Колонка взвизгивает, как раненый зверь, когда она берется за ледяной рычаг, у них есть чай, немного картошки и они сами. У нее кривится рот. И да, еще клопы.
Когда она ставит ведро под ржавый кран, она замечает движение в подворотне. Первая ее мысль: «Те двое», — тут же сменяется другой, потому что она понимает, что это женская фигура. Теперь Ингеборг думает: «Какой счет она принесла?» Отмечает, что это молодая девушка. Не ее сестра Бетти София. Другая, посланная кем-то, кому они задолжали. Тут Ингеборг приходит в голову мысль, что незнакомка, возможно, зашла в подворотню передохнуть. Возможно, она работает семь дней в неделю с раннего утра до позднего вечера. Падает на постель в ледяной каморке размером с гроб и едва успевает почувствовать под собой матрас, как уже снова должна вставать. Единственный отдых для нее — пять дней летом, когда ей разрешают навестить родных в деревне и помочь со собором урожая, и еще те короткие перерывы, которые она делает тайком, прячась в подворотне вроде этой. В таком случае Ингеборг будет последней, кто погонит ее прочь.
Долгое хрупкое мгновение, похожее на снежинку перед ее лицом, Ингеборг видит в незнакомке подругу. Она выпускает рычаг колонки и идет к воротам. Девушка закутана в платки, словно мумия. Теперь Ингеборг различает, что она держит что-то в руках. Она принесла им еды? Но кто послал ее? Даниэльсены? Одна из состоятельных семей города? Те, кто приглашал Саня в Сендермаркен, чтобы за столом присутствовала диковинка?
Девушка стоит неподвижно.
— Ты Ингеборг? — спрашивает она.
— Да. А ты кто?
— Ты знаешь китайца… Саня?
— Ты знаешь Саня?
Голос Ингеборг звучит будто эхо сказанного девушкой.
— Это его, — говорит она.
— Ты о чем? — спрашивает Ингеборг.
— Просто возьми.
Девушка протягивает сверток, Ингеборг машинально поднимает руки и ахает, не в силах выговорить ни слова. Она стоит в подворотне и смотрит вслед незнакомке, выходящей за ворота, повесив голову. Сверток теплый и весит больше, чем хлеб. Когда что-то шевелится в руках, Ингеборг чуть не роняет свернутый из одеяла кулек и делает шаг назад. Она слышит внутри чмокающий звук и видит клочок угольно-черных сальных волос.
Ребенок. Она зажмурилась и покачала головой, но сомнений нет.
Ингеборг держит сверток на вытянутых руках. Пошатываясь, идет обратно к колонке. Вспоминает, как в детстве они с Петером стояли у колодца на Тагенсвай и смотрели, как камушки падают вниз, чтобы услышать далекий всплеск. Мысль вызывает у нее смутное беспокойство.
Она входит в квартиру, посматривая на свои руки и удивляясь, как это она одновременно смогла удержать и ведро, и ребенка. Сань отворачивается от окна, но Ингеборг не поднимает глаз. Сначала ставит ведро у жарко полыхающей печки, а после короткого колебания кладет сверток с младенцем на кровать.

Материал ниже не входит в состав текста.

lemma pjoin_eq_top_iff:
  assumes \<rho>: "partition_on X \<rho>" and \<sigma>: "partition_on X \<sigma>" and "X \<noteq> {}"
  shows "pjoin X \<rho> \<sigma> = {X} \<longleftrightarrow>
    (\<forall>S\<subseteq>X. saturated \<rho> S \<longrightarrow> saturated \<sigma> S \<longrightarrow> S = {} \<or> S = X)"
proof (intro iffI allI impI)
  fix S assume "pjoin X \<rho> \<sigma> = {X}" "S \<subseteq> X" "saturated \<rho> S" "saturated \<sigma> S"
  obtain \<tau> where "is_pjoin X \<rho> \<sigma> \<tau>"
    using ex_is_pjoin[OF \<rho> \<sigma>] ..
  have "\<tau> = {X}"
    using pjoin_eqI[OF \<open>is_pjoin X \<rho> \<sigma> \<tau>\<close>] \<open>pjoin X \<rho> \<sigma> = {X}\<close> by simp
  show "S = {} \<or> S = X"
  proof (rule ccontr)
    assume "\<not> (S = {} \<or> S = X)"
    then have "partition_on X {S, X - S}"
      using \<open>S \<subseteq> X\<close> unfolding partition_on_def disjoint_def by auto
    then have "finer \<tau> {S, X - S}"
      using \<open>is_pjoin X \<rho> \<sigma> \<tau>\<close> finer_split \<rho> \<sigma> \<open>saturated \<rho> S\<close> \<open>saturated \<sigma> S\<close>
      unfolding is_pjoin_def by blast
    then show False
      using \<open>\<tau> = {X}\<close> \<open>S \<subseteq> X\<close> \<open>\<not> (S = {} \<or> S = X)\<close> unfolding finer_def by blast
  qed
next
  assume connected: "\<forall>S\<subseteq>X. saturated \<rho> S \<longrightarrow> saturated \<sigma> S \<longrightarrow> S = {} \<or> S = X"
  have "finer {X} \<tau>'" if \<tau>': "partition_on X \<tau>'" "finer \<rho> \<tau>'" "finer \<sigma> \<tau>'" for \<tau>'
  proof -
    obtain c where "c \<in> \<tau>'" "c \<noteq> {}"
      using \<tau>'(1) \<open>X \<noteq> {}\<close> unfolding partition_on_def by blast
    moreover have "c \<subseteq> X"
      using \<tau>'(1) \<open>c \<in> \<tau>'\<close> unfolding partition_on_def by blast
    ultimately have "c = X"
      using connected saturated_block[OF \<tau>'(1)] \<tau>'(2,3) by blast
    then show ?thesis
      using \<open>c \<in> \<tau>'\<close> unfolding finer_def by blast
  qed
  then have "is_pjoin X \<rho> \<sigma> {X}"
    using finer_top[OF \<rho>] finer_top[OF \<sigma>] partition_on_space[OF \<open>X \<noteq> {}\<close>]
    unfolding is_pjoin_def by blast
  then show "pjoin X \<rho> \<sigma> = {X}"
    by (rule pjoin_eqI)
qed

section \<open>Connected graphs\<close>

definition edge_closed :: "'a set \<Rightarrow> ('a \<Rightarrow> 'a \<Rightarrow> bool) \<Rightarrow> 'a set \<Rightarrow> bool" where
  "edge_closed V E A \<longleftrightarrow> A \<subseteq> V \<and> (\<forall>k\<in>A. \<forall>l\<in>V. E k l \<longrightarrow> l \<in> A)"

definition connected_graph :: "'a set \<Rightarrow> ('a \<Rightarrow> 'a \<Rightarrow> bool) \<Rightarrow> bool" where
  "connected_graph V E \<longleftrightarrow> (\<forall>A. edge_closed V E A \<longrightarrow> A = {} \<or> A = V)"

lemma edge_closed_Diff:
  assumes "symp E" "edge_closed V E A"
  shows "edge_closed V E (V - A)"
  using assms unfolding edge_closed_def symp_def by blast

lemma connected_graphI_root:
  assumes "v \<in> V" "symp E"
    and reach: "\<And>B. edge_closed V E B \<Longrightarrow> v \<in> B \<Longrightarrow> V \<subseteq> B"
  shows "connected_graph V E"
  unfolding connected_graph_def
proof (intro allI impI)
  fix A assume A: "edge_closed V E A"
  show "A = {} \<or> A = V"
  proof (cases "v \<in> A")
    case True
    then show ?thesis
      using reach[OF A] A unfolding edge_closed_def by blast
  next
    case False
    then have "V \<subseteq> V - A"
      using reach[OF edge_closed_Diff[OF \<open>symp E\<close> A]] \<open>v \<in> V\<close> by blast
    then show ?thesis
      using A unfolding edge_closed_def by blast
  qed
qed

lemma connected_graph_cong:
  assumes "\<And>k l. k \<in> V \<Longrightarrow> l \<in> V \<Longrightarrow> E k l \<longleftrightarrow> E' k l"
  shows "connected_graph V E \<longleftrightarrow> connected_graph V E'"
proof -
  have "edge_closed V E A \<longleftrightarrow> edge_closed V E' A" for A
    using assms unfolding edge_closed_def by blast
  then show ?thesis
    unfolding connected_graph_def by simp
qed

primrec reachable_within :: "'a set \<Rightarrow> ('a \<Rightarrow> 'a \<Rightarrow> bool) \<Rightarrow> 'a \<Rightarrow> nat \<Rightarrow> 'a set" where
  "reachable_within V E v 0 = {v}"
| "reachable_within V E v (Suc k) =
     reachable_within V E v k \<union> {w \<in> V. \<exists>u\<in>reachable_within V E v k. E u w}"

lemma reachable_within_mono: "j \<le> k \<Longrightarrow> reachable_within V E v j \<subseteq> reachable_within V E v k"
  by (induction k) (auto simp: le_Suc_eq)

lemma reachable_within_subset: "v \<in> V \<Longrightarrow> reachable_within V E v k \<subseteq> V"
  by (induction k) auto

lemma ex_reachable_within_eq:
  assumes "finite V" "v \<in> V" "connected_graph V E"
  shows "\<exists>m. reachable_within V E v m = V"
proof -
  let ?L = "reachable_within V E v"
  have "range ?L \<subseteq> Pow V"
    using reachable_within_subset[OF assms(2)] by blast
  then have "finite (range ?L)"
    using assms(1) finite_subset by blast
  then have "\<not> inj ?L"
    using finite_imageD infinite_UNIV_nat by blast
  then obtain j k where "j < k" "?L j = ?L k"
    unfolding inj_def by (metis linorder_neqE_nat)
  then have "?L (Suc j) \<subseteq> ?L j"
    using reachable_within_mono[of "Suc j" k V E v] by simp
  then have "edge_closed V E (?L j)"
    using reachable_within_subset[OF assms(2)] unfolding edge_closed_def by auto
  moreover have "v \<in> ?L j"
    using reachable_within_mono[of 0 j V E v] by auto
  ultimately have "?L j = V"
    using assms(3) unfolding connected_graph_def by blast
  then show ?thesis ..
qed

lemma connected_graph_Diff_outermost:
  assumes "v \<in> V" "symp E" "i \<notin> reachable_within V E v p"
    and exhausted: "reachable_within V E v (Suc p) = V"
  shows "connected_graph (V - {i}) E"
proof (rule connected_graphI_root)
  let ?L = "reachable_within V E v"
  show "v \<in> V - {i}"
    using assms(1,3) reachable_within_mono[of 0 p V E v] by auto
  fix B assume B: "edge_closed (V - {i}) E B" "v \<in> B"
  have "?L j \<subseteq> B" if "j \<le> p" for j
    using that
  proof (induction j)
    case 0
    then show ?case using B(2) by simp
  next
    case (Suc j)
    show ?case
    proof
      fix w assume w: "w \<in> ?L (Suc j)"
      then have "w \<in> V - {i}"
        using assms(3) Suc(2) reachable_within_mono[of "Suc j" p V E v]
          reachable_within_subset[OF \<open>v \<in> V\<close>] by blast
      moreover have "w \<in> ?L j \<or> (\<exists>u\<in>?L j. E u w)"
        using w by auto
      ultimately show "w \<in> B"
        using Suc B(1) unfolding edge_closed_def by auto
    qed
  qed
  then have "?L p \<subseteq> B" by blast
  show "V - {i} \<subseteq> B"
  proof
    fix w assume w: "w \<in> V - {i}"
    then have "w \<in> ?L p \<or> (\<exists>u\<in>?L p. E u w)"
      using exhausted by auto
    then show "w \<in> B"
      using \<open>?L p \<subseteq> B\<close> B(1) w unfolding edge_closed_def by blast
  qed
qed (rule assms(2))

lemma connected_graph_remove_vertex:
  assumes "finite V" "V \<noteq> {}" "symp E" "connected_graph V E"
  shows "\<exists>i\<in>V. connected_graph (V - {i}) E"
proof -
  obtain v where "v \<in> V"
    using assms(2) by blast
  let ?L = "reachable_within V E v"
  obtain m where "?L m = V"
    using ex_reachable_within_eq[OF assms(1) \<open>v \<in> V\<close> assms(4)] ..
  show ?thesis
  proof (cases "?L 0 = V")
    case True
    then have "V - {v} = {}" by auto
    then show ?thesis
      using \<open>v \<in> V\<close> unfolding connected_graph_def edge_closed_def by auto
  next
    case False
    then obtain p where p: "?L p \<noteq> V" "?L (Suc p) = V"
      using ex_least_nat_less[of "\<lambda>k. ?L k = V" m] \<open>?L m = V\<close> by blast
    then obtain i where "i \<in> V" "i \<notin> ?L p"
      using reachable_within_subset[OF \<open>v \<in> V\<close>] by blast
    have "connected_graph (V - {i}) E"
      using connected_graph_Diff_outermost[OF \<open>v \<in> V\<close> assms(3) \<open>i \<notin> ?L p\<close> p(2)] .
    then show ?thesis
      using \<open>i \<in> V\<close> ..
  qed
qed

— У тебя родился ребенок, — говорит она, подходя к окну.
Кажется, ее удивляет, что Копенгаген все еще там, внизу. Темный след, оставленный демонстрантами, постепенно исчезает под тонким слоем снега. Она чувствует взгляд Саня на своем лице, но сама не может смотреть на него.
Он не подходит сразу к ребенку. Скользит вокруг стола и садится на корточки перед печкой, подбрасывает в нее пару щепок и смотрит в огонь, потом наливает воду из ведра в чайник и ставит его кипятиться. Подготавливает чайные листья, кувшин, чайнички, мисочку. Сгибается, заходясь в кашле.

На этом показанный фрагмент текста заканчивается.